A mixed integer optimization problem is one in which some or all of the variables are required to be integers. An example is the assignment problem, in which a group of workers needs be assigned to a set of tasks. For each worker and task, you define a variable whose value is 1 if the given worker is assigned to the given task, and 0 otherwise. In this case, the variables can only take on the values 0 or 1.

### Bin packing

Bin packing is the problem of packing a set of objects of different sizes into containers with different capacities. The goal is to pack as many of the objects as possible, subject to the capacities of the containers. A special case of this is the knapsack problem, in which there is just one container.

### Network flows

Many optimization problems can be represented by a directed graph consisting of nodes and directed arcs between them. For example, transportation problems, in which goods are shipped across a railway network, can be represented by a graph in which the arcs are rail lines and the nodes are distribution centers. In the maximum flow problem, each arc has a maximum capacity that can be transported across it. The problem is to assign the amount of goods to be shipped across each arc so that the total quantity being transported is as large as possible.

### Assignment

Assignment problems involve assigning a group of agents (say, workers or machines) to a set of tasks, where there is a fixed cost for assigning each agent to a specific task.
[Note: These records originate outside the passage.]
lemma right_idem_mult_left_idem:
  assumes "j \<in> right_idems e" and "l \<in> left_idems e"
  shows "j * l = e"
proof -
  have "l * (j * l) = l"
    using assms idem_middle_unit[of j l l] by (simp add: left_idems_def right_idems_def)
  then have jl_idem: "(j * l) * (j * l) = j * l"
    by (simp add: mult.assoc)
  have "j * l = (e * j) * (l * e)"
    using assms by (simp add: left_idems_def right_idems_def)
  also have "\<dots> = e * ((j * l) * e)"
    by (simp add: mult.assoc)
  also have "\<dots> = e"
    using idem_middle_unit[OF jl_idem, of e e] idem by simp
  finally show ?thesis .
qed

lemma rect_middle_component:
  assumes "l \<in> left_idems e" and "g \<in> carrier (local_monoid e)" and "j \<in> right_idems e"
  shows "e * (l * g * j) * e = g"
proof -
  have "e * (l * g * j) * e = (e * l) * g * (j * e)"
    by (simp add: mult.assoc)
  also have "\<dots> = g"
    using assms by (simp add: left_idem_absorb right_idem_absorb local_monoid_unit)
  finally show ?thesis .
qed

lemma rect_left_component:
  assumes "l \<in> left_idems e" and g: "g \<in> carrier (local_monoid e)" and "j \<in> right_idems e"
  shows "l * g * j * inv\<^bsub>local_monoid e\<^esub> g = l"
proof -
  interpret G: group "local_monoid e"
    by (rule group_local_monoid)
  have "l * g * j * inv\<^bsub>local_monoid e\<^esub> g = l * g * (j * e) * inv\<^bsub>local_monoid e\<^esub> g"
    by (simp add: mult.assoc e_middle_unit)
  also have "\<dots> = l * (g \<otimes>\<^bsub>local_monoid e\<^esub> inv\<^bsub>local_monoid e\<^esub> g)"
    using assms by (simp add: right_idem_absorb local_monoid_unit mult_local_monoid mult.assoc)
  also have "\<dots> = l"
    using assms by (simp add: one_local_monoid left_idems_def)
  finally show ?thesis .
qed

lemma rect_right_component:
  assumes "l \<in> left_idems e" and g: "g \<in> carrier (local_monoid e)" and "j \<in> right_idems e"
  shows "inv\<^bsub>local_monoid e\<^esub> g * (l * g * j) = j"
proof -
  interpret G: group "local_monoid e"
    by (rule group_local_monoid)
  have "inv\<^bsub>local_monoid e\<^esub> g * (l * g * j) = inv\<^bsub>local_monoid e\<^esub> g * (e * l) * g * j"
    by (simp add: mult.assoc e_middle_unit)
  also have "\<dots> = (inv\<^bsub>local_monoid e\<^esub> g \<otimes>\<^bsub>local_monoid e\<^esub> g) * j"
    using assms by (simp add: left_idem_absorb local_monoid_unit mult_local_monoid)
  also have "\<dots> = j"
    using assms by (simp add: one_local_monoid right_idems_def)
  finally show ?thesis .
qed

lemma Red_regular_local_inv:
  assumes "u \<in> Red"
  shows "u * inv\<^bsub>local_monoid e\<^esub> (e * u * e) * u = u"
proof -
  interpret G: group "local_monoid e"
    by (rule group_local_monoid)
  obtain a b where u: "u = a * b"
    using assms unfolding Red_def by blast
  define \<alpha> \<beta> where "\<alpha> = e * a * e" and "\<beta> = e * b * e"
  define h where "h = inv\<^bsub>local_monoid e\<^esub> (e * u * e)"
  have \<alpha>\<beta>: "\<alpha> \<in> carrier (local_monoid e)" "\<beta> \<in> carrier (local_monoid e)"
    by (auto simp: \<alpha>_def \<beta>_def carrier_local_monoid)
  have "e * u * e = \<alpha> \<otimes>\<^bsub>local_monoid e\<^esub> \<beta>"
    by (simp add: u \<alpha>_def \<beta>_def mult_local_monoid mult.assoc e_middle_unit)
  then have "\<beta> \<otimes>\<^bsub>local_monoid e\<^esub> h \<otimes>\<^bsub>local_monoid e\<^esub> \<alpha> = \<one>\<^bsub>local_monoid e\<^esub>"
    using \<alpha>\<beta> by (simp add: h_def G.inv_mult_group G.m_assoc)
  then have "\<beta> * h * \<alpha> = e"
    by (simp add: mult_local_monoid one_local_monoid)
  have "u * h * u = a * (\<beta> * h * \<alpha>) * b"
    by (simp add: u \<alpha>_def \<beta>_def mult.assoc e_middle_unit)
  also have "\<dots> = u"
    using \<open>\<beta> * h * \<alpha> = e\<close> by (simp add: u mult.assoc e_middle_unit)
  finally show ?thesis
    unfolding h_def .
qed

lemma bij_betw_rect_decomposition:
  "bij_betw (\<lambda>(l, g, j). l * g * j) (left_idems e \<times> carrier (local_monoid e) \<times> right_idems e) Red"
proof -
  interpret G: group "local_monoid e"
    by (rule group_local_monoid)
  define h where "h u = inv\<^bsub>local_monoid e\<^esub> (e * u * e)" for u
  have h_carrier: "h u \<in> carrier (local_monoid e)" for u
    unfolding h_def by (rule G.inv_closed) (auto simp: carrier_local_monoid)
  have uhu: "u * h u * u = u" if "u \<in> Red" for u
    unfolding h_def using that by (rule Red_regular_local_inv)
  have left_inverse:
    "(l * g * j * h (l * g * j), e * (l * g * j) * e, h (l * g * j) * (l * g * j)) = (l, g, j)"
    if "l \<in> left_idems e" "g \<in> carrier (local_monoid e)" "j \<in> right_idems e" for l g j
    using that by (simp add: h_def rect_middle_component rect_left_component rect_right_component)
  have right_inverse: "(u * h u) * (e * u * e) * (h u * u) = u" if "u \<in> Red" for u
  proof -
    have "(u * h u) * (e * u * e) * (h u * u) = u * (h u \<otimes>\<^bsub>local_monoid e\<^esub> (e * u * e)) * h u * u"
      by (simp add: mult_local_monoid mult.assoc)
    also have "\<dots> = u * h u * u"
      unfolding h_def by (simp add: carrier_local_monoid one_local_monoid mult.assoc e_middle_unit)
    finally show ?thesis
      using uhu[OF that] by simp
  qed
  have components: "(u * h u, e * u * e, h u * u) \<in> left_idems e \<times> carrier (local_monoid e) \<times> right_idems e"
    if "u \<in> Red" for u
  proof -
    have "(u * h u) * (u * h u) = u * h u" "(h u * u) * (h u * u) = h u * u"
      using uhu[OF that] by (metis mult.assoc)+
    moreover have "(u * h u) * e = u * h u" "e * (h u * u) = h u * u"
      using local_monoid_unit[OF h_carrier] by (simp add: mult.assoc, simp flip: mult.assoc)
    ultimately show ?thesis
      by (auto simp: left_idems_def right_idems_def carrier_local_monoid)
  qed
  have "l * g * j \<in> Red" for l g j :: 'a
    by (auto simp: Red_def)
  with left_inverse right_inverse components show ?thesis
    by (intro bij_betw_byWitness[where f' = "\<lambda>u. (u * h u, e * u * e, h u * u)"]) auto
qed

lemma rect_mult:
  assumes "l \<in> left_idems e" "g \<in> carrier (local_monoid e)" "i \<in> right_idems e"
    and "m \<in> left_idems e" "k \<in> carrier (local_monoid e)" "j \<in> right_idems e"
  shows "(l * g * i) * (m * k * j) = l * (g \<otimes>\<^bsub>local_monoid e\<^esub> k) * j"
proof -
  have "(l * g * i) * (m * k * j) = l * (g * (i * m)) * k * j"
    by (simp add: mult.assoc)
  also have "\<dots> = l * (g * k) * j"
    using assms by (simp add: right_idem_mult_left_idem local_monoid_unit mult.assoc)
  finally show ?thesis
    by (simp add: mult_local_monoid)
qed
The problem is to find the assignment with the least total cost. Assignment problems are actually a special case of network flow problems.

### Scheduling

Scheduling problems involve assigning resources to perform a set of tasks at specific times. An important example is the job shop problem, in which multiple jobs are processed on several machines. Each job consists of a sequence of tasks, which must be performed in a given order, and each task must be processed on a specific machine. The problem is to assign a schedule so that all jobs are completed in as short an interval of time as possible.